Can't say anything about IB live for Forex, though...

The Collective looks cool - hope I didn't sound like I was knocking them. I'm just a big chicken and I like the paths well travelled. You know those insanely big passenger jets? I won't be getting on one of those for another few years yet... :


----------



## TulipFX (31 December 2010)

MB Trading are a good brokerage firm. They also now offer MT4, however we have had reports of some strange situations sometimes occurring as their trading platform has some quirky rules. Nothing that can't be solved if you know about them. One example is the expiry of limit orders.
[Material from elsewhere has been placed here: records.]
text \<open>Unpacking the dyadic structure; note that the nesting property already contains
  the disjointness of distinct cubes of one level.\<close>
lemma dyadic_structureD:
  assumes "dyadic_structure M \<delta> \<eta> a0 a1 D xc"
  shows "0 < \<delta>" "\<delta> < 1" "0 < \<eta>" "0 < a0" "a0 < a1"
    and "\<And>k P. P \<in> D k \<Longrightarrow>
           P \<in> sets M \<and> ball (xc k P) (a0 * \<delta>^k) \<subseteq> P \<and> P \<subseteq> ball (xc k P) (a1 * \<delta>^k)"
    and "\<And>k k' P P'. k \<le> k' \<Longrightarrow> P \<in> D k \<Longrightarrow> P' \<in> D k' \<Longrightarrow> P' \<subseteq> P \<or> P' \<inter> P = {}"
  using assms unfolding dyadic_structure_def by (elim conjE; metis)+

lemma dyadic_cube_measure:
  assumes sets: "sets M = sets borel" and Eloc: "E_loc M cE \<kappa> lam"
    and dy: "dyadic_structure M \<delta> \<eta> a0 a1 D xc" and P: "P \<in> D j"
  shows "P \<in> sets M \<and> emeasure M P < \<infinity> \<and> 0 < measure M P"
proof -
  note dy = dyadic_structureD[OF dy]
  have r: "0 < a0 * \<delta>^j" "0 < a1 * \<delta>^j" using dy(1,4,5) by simp_all
  have cube: "P \<in> sets M" "ball (xc j P) (a0 * \<delta>^j) \<subseteq> P" "P \<subseteq> ball (xc j P) (a1 * \<delta>^j)"
    using dy(6)[OF P] by blast+
  have ball: "0 < emeasure M (ball x r) \<and> emeasure M (ball x r) < \<infinity>" if "0 < r" for x r
    using Eloc that unfolding E_loc_def by blast
  have "emeasure M P \<le> emeasure M (ball (xc j P) (a1 * \<delta>^j))"
    using cube(3) sets by (intro emeasure_mono) auto
  then have finite: "emeasure M P < \<infinity>" using ball[OF r(2)] by (meson le_less_trans)
  have "emeasure M (ball (xc j P) (a0 * \<delta>^j)) \<le> emeasure M P"
    using cube(1,2) by (intro emeasure_mono)
  then have "0 < emeasure M P" using ball[OF r(1)] by (meson less_le_trans)
  then have "0 < measure M P"
    using finite by (simp add: emeasure_eq_ennreal_measure less_top[symmetric])
  then show ?thesis using cube(1) finite by blast
qed

definition maximal_cubes :: "(nat \<times> 'a set) set \<Rightarrow> (nat \<times> 'a set) set" where
  "maximal_cubes B = {(j, P) \<in> B. \<forall>(j', P') \<in> B. j' < j \<longrightarrow> \<not> P \<subseteq> P'}"

lemma maximal_cubes_subset: "maximal_cubes B \<subseteq> B"
  unfolding maximal_cubes_def by auto

lemma maximal_cubes_cover:
  assumes "(k, P) \<in> B"
  shows "\<exists>j P'. (j, P') \<in> maximal_cubes B \<and> j \<le> k \<and> P \<subseteq> P'"
proof -
  define J where "J = {j. \<exists>P'. (j, P') \<in> B \<and> P \<subseteq> P'}"
  have "k \<in> J" using assms unfolding J_def by auto
  define j0 where "j0 = (LEAST j. j \<in> J)"
  have "j0 \<in> J" unfolding j0_def using \<open>k \<in> J\<close> by (rule LeastI)
  then obtain P0 where P0: "(j0, P0) \<in> B" "P \<subseteq> P0" unfolding J_def by auto
  have "j0 \<le> k" unfolding j0_def using \<open>k \<in> J\<close> by (rule Least_le)
  moreover have "(j0, P0) \<in> maximal_cubes B"
    unfolding maximal_cubes_def
  proof (clarsimp simp: P0(1))
    fix j' P' assume "(j', P') \<in> B" "j' < j0" "P0 \<subseteq> P'"
    then have "j' \<in> J" unfolding J_def using P0(2) by auto
    then have "j0 \<le> j'" unfolding j0_def by (rule Least_le)
    with \<open>j' < j0\<close> show False by simp
  qed
  ultimately show ?thesis using P0(2) by blast
qed

lemma maximal_cubes_disjoint:
  assumes nested: "\<And>k k' P P'. k \<le> k' \<Longrightarrow> P \<in> D k \<Longrightarrow> P' \<in> D k' \<Longrightarrow> P' \<subseteq> P \<or> P' \<inter> P = {}"
    and B: "B \<subseteq> {(j, P). P \<in> D j}"
  assumes "(j, P) \<in> maximal_cubes B" "(j', P') \<in> maximal_cubes B" "(j, P) \<noteq> (j', P')"
  shows "P \<inter> P' = {}"
proof -
  have ordered: "P \<inter> P' = {}"
    if jj': "j \<le> j'" and K: "(j, P) \<in> maximal_cubes B" "(j', P') \<in> maximal_cubes B"
      and ne: "(j, P) \<noteq> (j', P')" for j P j' P'
  proof -
    have D: "P \<in> D j" "P' \<in> D j'" using K B maximal_cubes_subset by blast+
    consider "j < j'" | "j = j'" using jj' by linarith
    then show ?thesis
    proof cases
      case 1
      then have "\<not> P' \<subseteq> P" using K unfolding maximal_cubes_def by auto
      then show ?thesis using nested[OF jj' D] by auto
    next
      case 2
      then show ?thesis using nested[OF jj' D] nested[of j' j P' P] D ne by auto
    qed
  qed
  show ?thesis
    using ordered[of j j' P P'] ordered[of j' j P' P] assms(3-5) by (cases "j \<le> j'") auto
qed

lemma tent_mono:
  assumes "0 < \<delta>" "\<delta> \<le> 1" "j \<le> k" "P \<subseteq> P'"
  shows "tent \<delta> k P \<subseteq> tent \<delta> j P'"
  using power_decreasing[OF assms(3), of \<delta>] assms unfolding tent_def by auto

lemma tent_subset_maximal_tents:
  assumes "0 < \<delta>" "\<delta> \<le> 1" "(k, P) \<in> B"
  shows "tent \<delta> k P \<subseteq> (\<Union>(j, P')\<in>maximal_cubes B. tent \<delta> j P')"
proof -
  obtain j P' where "(j, P') \<in> maximal_cubes B" "j \<le> k" "P \<subseteq> P'"
    using maximal_cubes_cover[OF assms(3)] by blast
  then show ?thesis using tent_mono[OF assms(1,2), of j k P P'] by fastforce
qed

theorem stopping_time_cubes:
  fixes M :: "'a::metric_space measure" and g n :: "'a \<Rightarrow> real" and good :: "'a set \<Rightarrow> bool"
  assumes sd: "square_dominated M g n"
    and dy: "dyadic_structure M \<delta> \<eta> a0 a1 D xc"
    and cubes: "\<And>j P. P \<in> D j \<Longrightarrow> P \<in> sets M \<and> emeasure M P < \<infinity> \<and> 0 < measure M P"
    and Q: "Q \<in> D k"
    and c: "0 < c" and energy: "(\<integral>x. (n x)^2 \<partial>M) \<le> c^2 * measure M Q"
    and large: "measure M Q / 2 < (LINT x:Q|M. g x)"
    and \<alpha>: "0 < \<alpha>" "\<alpha> \<le> 1/8" "\<alpha> \<le> 1 / (64 * c^3)"
    and bad: "\<And>j P. P \<in> D j \<Longrightarrow> \<not> good P \<Longrightarrow>
        (LINT x:P|M. g x) < \<alpha> * measure M P \<or> measure M P < \<alpha> * (LINT x:P|M. n x)"
  shows "\<exists>K. K \<subseteq> {(j, P). P \<in> D j} \<and> (\<forall>(j, P)\<in>K. P \<subseteq> Q) \<and>
     (\<forall>(j, P)\<in>K. \<forall>(j', P')\<in>K. (j, P) \<noteq> (j', P') \<longrightarrow> P \<inter> P' = {}) \<and>
     Q - \<Union>(snd ` K) \<in> sets M \<and>
     1 / (16 * c^2) * measure M Q < measure M (Q - \<Union>(snd ` K)) \<and>
     (\<forall>k' Q'. Q' \<in> D k' \<and> Q' \<subseteq> Q \<and>
        tent \<delta> k' Q' \<inter> (tent \<delta> k Q - (\<Union>(j, P)\<in>K. tent \<delta> j P)) \<noteq> {} \<longrightarrow> good Q')"
proof -
  interpret square_dominated M g n by (rule sd)
  define B where "B = {(j, P). P \<in> D j \<and> P \<subseteq> Q \<and> \<not> good P}"
  define K where "K = maximal_cubes B"
  define S where "S = snd ` K"
  note dyD = dyadic_structureD[OF dy]
  have K_sub: "K \<subseteq> B" unfolding K_def by (rule maximal_cubes_subset)
  have B_cubes: "B \<subseteq> {(j, P). P \<in> D j}" unfolding B_def by auto
  have K_disj: "P \<inter> P' = {}" if "(j, P) \<in> K" "(j', P') \<in> K" "(j, P) \<noteq> (j', P')" for j P j' P'
    by (rule maximal_cubes_disjoint[OF dyD(7) B_cubes]) (use that in \<open>simp_all add: K_def\<close>)
  have S_bad: "P \<in> sets M \<and> P \<subseteq> Q \<and> 0 < measure M P \<and>
      ((LINT x:P|M. g x) < \<alpha> * measure M P \<or> measure M P < \<alpha> * (LINT x:P|M. n x))"
    if P: "P \<in> S" for P
  proof -
    obtain j where "(j, P) \<in> K" using P unfolding S_def by force
    then have "P \<in> D j" "P \<subseteq> Q" "\<not> good P" using K_sub unfolding B_def by auto
    then show ?thesis using cubes[of P j] bad[of P j] by blast
  qed
  have S_disj: "disjoint S"
    unfolding pairwise_def disjnt_def
  proof (intro ballI impI)
    fix P P' assume "P \<in> S" "P' \<in> S" "P \<noteq> P'"
    then obtain j j' where "(j, P) \<in> K" "(j', P') \<in> K" unfolding S_def by force
    then show "P \<inter> P' = {}" using K_disj \<open>P \<noteq> P'\<close> by blast
  qed
  have Q_fin: "Q \<in> sets M" "emeasure M Q < \<infinity>" using cubes[OF Q] by auto
  have "countable S"
    by (rule countable_disjoint_positive_measure[OF S_disj _ Q_fin]) (use S_bad in blast)
  then have measure_E: "measure M Q / (16 * c^2) < measure M (Q - \<Union>S)"
    by (rule measure_outside_bad_sets[OF Q_fin c energy large _ S_disj _ _ \<alpha>]) (use S_bad in blast)+
  have sets_E: "Q - \<Union>S \<in> sets M"
    using \<open>countable S\<close> S_bad Q_fin by (intro sets.Diff sets.countable_Union) auto
  have good: "good Q'"
    if Q': "Q' \<in> D k'" "Q' \<subseteq> Q" "tent \<delta> k' Q' \<inter> (tent \<delta> k Q - (\<Union>(j, P)\<in>K. tent \<delta> j P)) \<noteq> {}"
    for k' Q'
  proof (rule ccontr)
    assume "\<not> good Q'"
    then have "(k', Q') \<in> B" unfolding B_def using Q' by auto
    then have "tent \<delta> k' Q' \<subseteq> (\<Union>(j, P)\<in>K. tent \<delta> j P)"
      unfolding K_def by (rule tent_subset_maximal_tents[OF dyD(1) less_imp_le[OF dyD(2)]])
    then show False using Q'(3) by blast
  qed
  show ?thesis
  proof (intro exI[of _ K] conjI allI impI)
    show "K \<subseteq> {(j, P). P \<in> D j}" "\<forall>(j, P)\<in>K. P \<subseteq> Q"
      using K_sub unfolding B_def by auto
    show "\<forall>(j, P)\<in>K. \<forall>(j', P')\<in>K. (j, P) \<noteq> (j', P') \<longrightarrow> P \<inter> P' = {}"
      using K_disj by blast
    show "Q - \<Union>(snd ` K) \<in> sets M" using sets_E unfolding S_def .
    show "1 / (16 * c^2) * measure M Q < measure M (Q - \<Union>(snd ` K))"
      using measure_E unfolding S_def by simp
  qed (use good in blast)
qed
They are big, trustworthy, reliable and price leaders. I think they are probably the leading retail brokerage firm using MT4.

No problems about your concerns about the CollectiveFX, I have the same ones and they are very valid. If I hadn't seen them grow and experience their service from near the start, I would not start with them either, or at least not entrust my account to them.

MBT would be a better option, just be careful that any EAs you use are compliant with the MBT-MT4 platform quirks though. Otherwise top-top broker who I have never heard a complaint about.


----------



## SmellyTerror (31 December 2010)

Yeah, I've heard MBT's MT4 is not so hot, but I'm not an MT4 dude - I trade mostly naked.

I also make bugger-all, so this is not exactly a statement of superiority.


----------